Exercise instructions:
When you reach the line containing "x y \<in> V)" in the entries below, begin reproducing lines exactly, and stop once the line containing "x \<and> m x e = x)" is done.

Records provided:
definition lin_on2 :: "hel set \<Rightarrow> (hel \<Rightarrow> hel2) \<Rightarrow> bool" where
  "lin_on2 V f \<longleftrightarrow> (\<forall>x\<in>V. \<forall>y\<in>V. f (\<lambda>t. x t + y t) = (\<lambda>a b. f x a b + f y a b))
     \<and> (\<forall>c. \<forall>x\<in>V. f (\<lambda>t. c * x t) = (\<lambda>a b. c * f x a b))"

text \<open>V is a Hopf algebra over the ground algebra C e (unit e), with multiplication m,
  comultiplication D, counit ep (valued in C e) and antipode an.\<close>
definition hopf_over :: "nat \<Rightarrow> hel set \<Rightarrow> hel \<Rightarrow> (hel \<Rightarrow> hel \<Rightarrow> hel) \<Rightarrow> (hel \<Rightarrow> hel2)
    \<Rightarrow> (hel \<Rightarrow> hel) \<Rightarrow> (hel \<Rightarrow> hel) \<Rightarrow> bool" where
  "hopf_over N V e m D ep an \<longleftrightarrow>
     is_subspace V \<and> e \<in> V
   \<and> (\<forall>x\<in>V. \<forall>y\<in>V. m x y \<in> V)
   \<and> (\<forall>z\<in>V. lin_on V (\<lambda>x. m x z) \<and> lin_on V (\<lambda>x. m z x))
   \<and> (\<forall>x\<in>V. \<forall>y\<in>V. \<forall>z\<in>V. m (m x y) z = m x (m y z))
   \<and> (\<forall>x\<in>V. m e x = x \<and> m x e = x)
   \<and> lin_on2 V D \<and> (\<forall>x\<in>V. D x \<in> Tens2 V)
   \<and> (\<forall>x\<in>V. lin_l N D (D x) = lin_r N D (D x))
   \<and> lin_on V ep \<and> (\<forall>x\<in>V. \<exists>c. ep x = (\<lambda>t. c * e t))
   \<and> (\<forall>x\<in>V. conv N m ep id (D x) = x \<and> conv N m id ep (D x) = x)
   \<and> D e = tens e e \<and> (\<forall>x\<in>V. \<forall>y\<in>V. D (m x y) = mul2 N m (D x) (D y))
   \<and> ep e = e \<and> (\<forall>x\<in>V. \<forall>y\<in>V. ep (m x y) = m (ep x) (ep y))
   \<and> lin_on V an \<and> (\<forall>x\<in>V. an x \<in> V)
   \<and> (\<forall>x\<in>V. conv N m an id (D x) = ep x \<and> conv N m id an (D x) = ep x)"

definition hopf_iso :: "nat \<Rightarrow> hel set \<Rightarrow> hel set \<Rightarrow> hel \<Rightarrow> hel \<Rightarrow> (hel \<Rightarrow> hel \<Rightarrow> hel) \<Rightarrow> (hel \<Rightarrow> hel2)
    \<Rightarrow> (hel \<Rightarrow> hel) \<Rightarrow> (hel \<Rightarrow> hel) \<Rightarrow> (hel \<Rightarrow> hel) \<Rightarrow> (hel \<Rightarrow> hel) \<Rightarrow> (hel \<Rightarrow> hel) \<Rightarrow> bool" where
  "hopf_iso N V W eV eW m D epV epW anV anW f \<longleftrightarrow>
     bij_betw f V W \<and> lin_on V f
   \<and> f eV = eW \<and> (\<forall>x\<in>V. \<forall>y\<in>V. f (m x y) = m (f x) (f y))
   \<and> (\<forall>x\<in>V. D (f x) = map2 N f f (D x))
   \<and> (\<forall>x\<in>V. epW (f x) = f (epV x))
   \<and> (\<forall>x\<in>V. anW (f x) = f (anV x))"

end

theory Submission
  imports Defs
begin

text \<open>The adjoint action of \<open>1\<close> kills
  \<open>X^i_j(s)\<close> for \<open>i \<noteq> j\<close> and fixes \<open>X^i_i(s)\<close>, so \<open>_RH\<close> is spanned by the diagonal
  vectors, and sorting them by \<open>i\<close> gives the direct sum. In the braided coproduct of \<open>X^i_i(s)\<close>
  a single term of \<open>R\<close> survives, with scalar \<open>1\<close>, leaving \<open>\<Sum>\<^sub>w\<^sub>+\<^sub>q\<^sub>=\<^sub>s X^i_i(w) \<otimes> X^i_i(q)\<close>.
  Hence in the coordinates \<open>c \<mapsto> \<Sum>\<^sub>p c(p) X^i_i(p)\<close> every \<open>H^i\<close> is the Hopf algebra of functions
  on \<open>\<int>\<^sub>N\<close>: pointwise product, coproduct dual to addition, counit evaluation at \<open>0\<close>, antipode
  \<open>c \<mapsto> c(-\<cdot>)\<close>. All Hopf axioms become identities between coordinate functions, and since
  these do not involve \<open>i\<close>, the maps \<open>\<iota>^j_i\<close>, which keep the coordinates, are isomorphisms.\<close>

lemma ZN_mod_eq: "x \<in> ZN N \<Longrightarrow> x mod int N = x"
  by (auto simp: ZN_def)

lemma mod_in_ZN: "N > 0 \<Longrightarrow> a mod int N \<in> ZN N"
  by (auto simp: ZN_def)

lemma finite_ZN [simp]: "finite (ZN N)"
  by (simp add: ZN_def)

lemma finite_Bas [simp]: "finite (Bas N)"
  by (simp add: Bas_def)

lemma sum_Bas_eq: "(\<Sum>u\<in>Bas N. f u) = (\<Sum>a\<in>ZN N. \<Sum>b\<in>ZN N. \<Sum>c\<in>ZN N. f (a, b, c))"
  by (simp add: Bas_def sum.cartesian_product)

lemma sum_ZN_eq_sum_lessThan: "(\<Sum>p\<in>ZN N. f p) = (\<Sum>k<N. f (int k))"
proof -
  have "ZN N = int ` {..<N}"
    unfolding ZN_def by (simp add: image_atLeastZeroLessThan_int)
  then show ?thesis by (simp add: sum.reindex)
qed

lemma sum_comm3: "(\<Sum>u\<in>A. \<Sum>v\<in>B. \<Sum>p\<in>P. h u v p) = (\<Sum>p\<in>P. \<Sum>u\<in>A. \<Sum>v\<in>B. h u v p)"
proof -
  have "(\<Sum>u\<in>A. \<Sum>v\<in>B. \<Sum>p\<in>P. h u v p) = (\<Sum>u\<in>A. \<Sum>p\<in>P. \<Sum>v\<in>B. h u v p)"
    by (rule sum.cong[OF refl], rule sum.swap)
  also have "\<dots> = (\<Sum>p\<in>P. \<Sum>u\<in>A. \<Sum>v\<in>B. h u v p)"
    by (rule sum.swap)
  finally show ?thesis .
qed

lemma sum_comm4:
  "(\<Sum>u\<in>A. \<Sum>v\<in>B. \<Sum>p\<in>P. \<Sum>q\<in>Q. h u v p q) = (\<Sum>p\<in>P. \<Sum>q\<in>Q. \<Sum>u\<in>A. \<Sum>v\<in>B. h u v p q)"
proof -
  have "(\<Sum>u\<in>A. \<Sum>v\<in>B. \<Sum>p\<in>P. \<Sum>q\<in>Q. h u v p q) = (\<Sum>p\<in>P. \<Sum>u\<in>A. \<Sum>v\<in>B. \<Sum>q\<in>Q. h u v p q)"
    by (rule sum_comm3)
  also have "\<dots> = (\<Sum>p\<in>P. \<Sum>q\<in>Q. \<Sum>u\<in>A. \<Sum>v\<in>B. h u v p q)"
    by (rule sum.cong[OF refl], rule sum_comm3)
  finally show ?thesis .
qed

lemma X_mod_left [simp]: "X N (a mod int N) b c = X N a b c"
  and X_mod_mid [simp]: "X N a (b mod int N) c = X N a b c"
  and X_mod_right [simp]: "X N a b (c mod int N) = X N a b c"
  and X_mod_add_left [simp]: "X N (a mod int N + p) b c = X N (a + p) b c"
  and X_mod_add_mid [simp]: "X N a (b mod int N + p) c = X N a (b + p) c"
  by (simp_all add: X_def mod_add_left_eq)

lemma X_cong:
  "a mod int N = a' mod int N \<Longrightarrow> b mod int N = b' mod int N \<Longrightarrow> c mod int N = c' mod int N
   \<Longrightarrow> X N a b c = X N a' b' c'"
  by (simp add: X_def)

lemma X_diag_apply: "i \<in> ZN N \<Longrightarrow> p \<in> ZN N \<Longrightarrow> X N i i p t = (if t = (i, i, p) then 1 else 0)"
  by (simp add: X_def ZN_mod_eq)

lemma Xb_mod: "Xb N (a mod int N, b mod int N, c mod int N) = X N a b c"
  and Xb_diag: "Xb N (i, i, p) = X N i i p"
  by (simp_all add: Xb_def)

lemma sum_Bas_X_mult:
  assumes "N > 0"
  shows "(\<Sum>u\<in>Bas N. X N a b c u * F u) = F (a mod int N, b mod int N, c mod int N)"
proof -
  have "(a mod int N, b mod int N, c mod int N) \<in> Bas N"
    using assms by (simp add: Bas_def mod_in_ZN)
  moreover have "(\<Sum>u\<in>Bas N. X N a b c u * F u)
      = (\<Sum>u\<in>Bas N. if u = (a mod int N, b mod int N, c mod int N) then F u else 0)"
    by (rule sum.cong) (auto simp: X_def)
  ultimately show ?thesis by simp
qed

lemma sum_Bas2_X_mult:
  assumes "N > 0"
  shows "(\<Sum>u\<in>Bas N. \<Sum>v\<in>Bas N. X N a b c u * (X N d e f v * G u v))
    = G (a mod int N, b mod int N, c mod int N) (d mod int N, e mod int N, f mod int N)"
proof -
  have "(\<Sum>u\<in>Bas N. \<Sum>v\<in>Bas N. X N a b c u * (X N d e f v * G u v))
      = (\<Sum>u\<in>Bas N. X N a b c u * (\<Sum>v\<in>Bas N. X N d e f v * G u v))"
    by (simp add: sum_distrib_left)
  then show ?thesis using assms by (simp add: sum_Bas_X_mult)
qed

lemma sum_Bas2_weighted_expand:
  assumes "N > 0"
  shows "(\<Sum>u\<in>Bas N. \<Sum>v\<in>Bas N. (\<Sum>x\<in>P. f x * (X N (a x) (b x) (c x) u * X N (d x) (e x) (g x) v)) * G u v)
   = (\<Sum>x\<in>P. f x * G (a x mod int N, b x mod int N, c x mod int N) (d x mod int N, e x mod int N, g x mod int N))"
proof -
  have "(\<Sum>u\<in>Bas N. \<Sum>v\<in>Bas N. (\<Sum>x\<in>P. f x * (X N (a x) (b x) (c x) u * X N (d x) (e x) (g x) v)) * G u v)
    = (\<Sum>u\<in>Bas N. \<Sum>v\<in>Bas N. \<Sum>x\<in>P. f x * (X N (a x) (b x) (c x) u * (X N (d x) (e x) (g x) v * G u v)))"
    by (simp add: sum_distrib_right mult.assoc)
  also have "\<dots> = (\<Sum>x\<in>P. f x * (\<Sum>u\<in>Bas N. \<Sum>v\<in>Bas N. X N (a x) (b x) (c x) u * (X N (d x) (e x) (g x) v * G u v)))"
    by (subst sum_comm3) (simp add: sum_distrib_left)
  finally have "(\<Sum>u\<in>Bas N. \<Sum>v\<in>Bas N. (\<Sum>x\<in>P. f x * (X N (a x) (b x) (c x) u * X N (d x) (e x) (g x) v)) * G u v)
    = (\<Sum>x\<in>P. f x * (\<Sum>u\<in>Bas N. \<Sum>v\<in>Bas N. X N (a x) (b x) (c x) u * (X N (d x) (e x) (g x) v * G u v)))" .
  then show ?thesis using assms by (simp add: sum_Bas2_X_mult)
qed

lemma sum_Bas2_cond_expand:
  assumes "N > 0"
  shows "(\<Sum>u\<in>Bas N. \<Sum>v\<in>Bas N. (\<Sum>p\<in>P. \<Sum>q\<in>Q. if C p q then X N (a p q) (b p q) (c p q) u * X N (d p q) (e p q) (f p q) v else 0) * G u v)
   = (\<Sum>p\<in>P. \<Sum>q\<in>Q. if C p q then G (a p q mod int N, b p q mod int N, c p q mod int N) (d p q mod int N, e p q mod int N, f p q mod int N) else 0)"
proof -
  have "(\<Sum>u\<in>Bas N. \<Sum>v\<in>Bas N. (\<Sum>p\<in>P. \<Sum>q\<in>Q. if C p q then X N (a p q) (b p q) (c p q) u * X N (d p q) (e p q) (f p q) v else 0) * G u v)
    = (\<Sum>u\<in>Bas N. \<Sum>v\<in>Bas N. \<Sum>p\<in>P. \<Sum>q\<in>Q. if C p q then X N (a p q) (b p q) (c p q) u * (X N (d p q) (e p q) (f p q) v * G u v) else 0)"
    by (auto simp: sum_distrib_right mult.assoc intro!: sum.cong)
  also have "\<dots> = (\<Sum>p\<in>P. \<Sum>q\<in>Q. \<Sum>u\<in>Bas N. \<Sum>v\<in>Bas N. if C p q then X N (a p q) (b p q) (c p q) u * (X N (d p q) (e p q) (f p q) v * G u v) else 0)"
    by (rule sum_comm4)
  also have "\<dots> = (\<Sum>p\<in>P. \<Sum>q\<in>Q. if C p q then G (a p q mod int N, b p q mod int N, c p q mod int N) (d p q mod int N, e p q mod int N, f p q mod int N) else 0)"
    using assms by (intro sum.cong refl) (simp add: sum_Bas2_X_mult)
  finally show ?thesis .
qed

lemma Hc_expand:
  assumes "x \<in> Hc N"
  shows "x = (\<lambda>t. \<Sum>w\<in>Bas N. x w * Xb N w t)"
proof
  fix t
  have "(\<Sum>w\<in>Bas N. x w * Xb N w t) = (\<Sum>w\<in>Bas N. if w = t then x t else 0)"
    by (intro sum.cong refl) (auto simp: Xb_def X_def Bas_def ZN_mod_eq)
  also have "\<dots> = x t"
  proof (cases "t \<in> Bas N")
    case False
    then have "x t = 0" using assms unfolding Hc_def by blast
    then show ?thesis using False by simp
  qed simp
  finally show "x t = (\<Sum>w\<in>Bas N. x w * Xb N w t)" by simp
qed

lemma mul_X_X_apply:
  assumes "N > 0"
  shows "mul N (X N a b c) (X N d e f) t
    = (if b mod int N = d mod int N \<and> c mod int N = f mod int N then X N a e c t else 0)"
proof -
  have "mul N (X N a b c) (X N d e f) t = (\<Sum>v\<in>Bas N. X N a b c v * (\<Sum>w\<in>Bas N. X N d e f w * bprod N v w t))"
    by (simp add: mul_def sum_distrib_left mult.assoc)
  also have "\<dots> = bprod N (a mod int N, b mod int N, c mod int N) (d mod int N, e mod int N, f mod int N) t"
    using assms by (simp add: sum_Bas_X_mult)
  finally show ?thesis by (auto simp: bprod_def intro: X_cong[THEN fun_cong])
qed

lemma mul_X_X:
  assumes "N > 0"
  shows "mul N (X N a b c) (X N d e f)
    = (if b mod int N = d mod int N \<and> c mod int N = f mod int N then X N a e c else (\<lambda>_. 0))"
  using mul_X_X_apply[OF assms] by auto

Task result:
   \<and> (\<forall>x\<in>V. \<forall>y\<in>V. m x y \<in> V)
   \<and> (\<forall>z\<in>V. lin_on V (\<lambda>x. m x z) \<and> lin_on V (\<lambda>x. m z x))
   \<and> (\<forall>x\<in>V. \<forall>y\<in>V. \<forall>z\<in>V. m (m x y) z = m x (m y z))
   \<and> (\<forall>x\<in>V. m e x = x \<and> m x e = x)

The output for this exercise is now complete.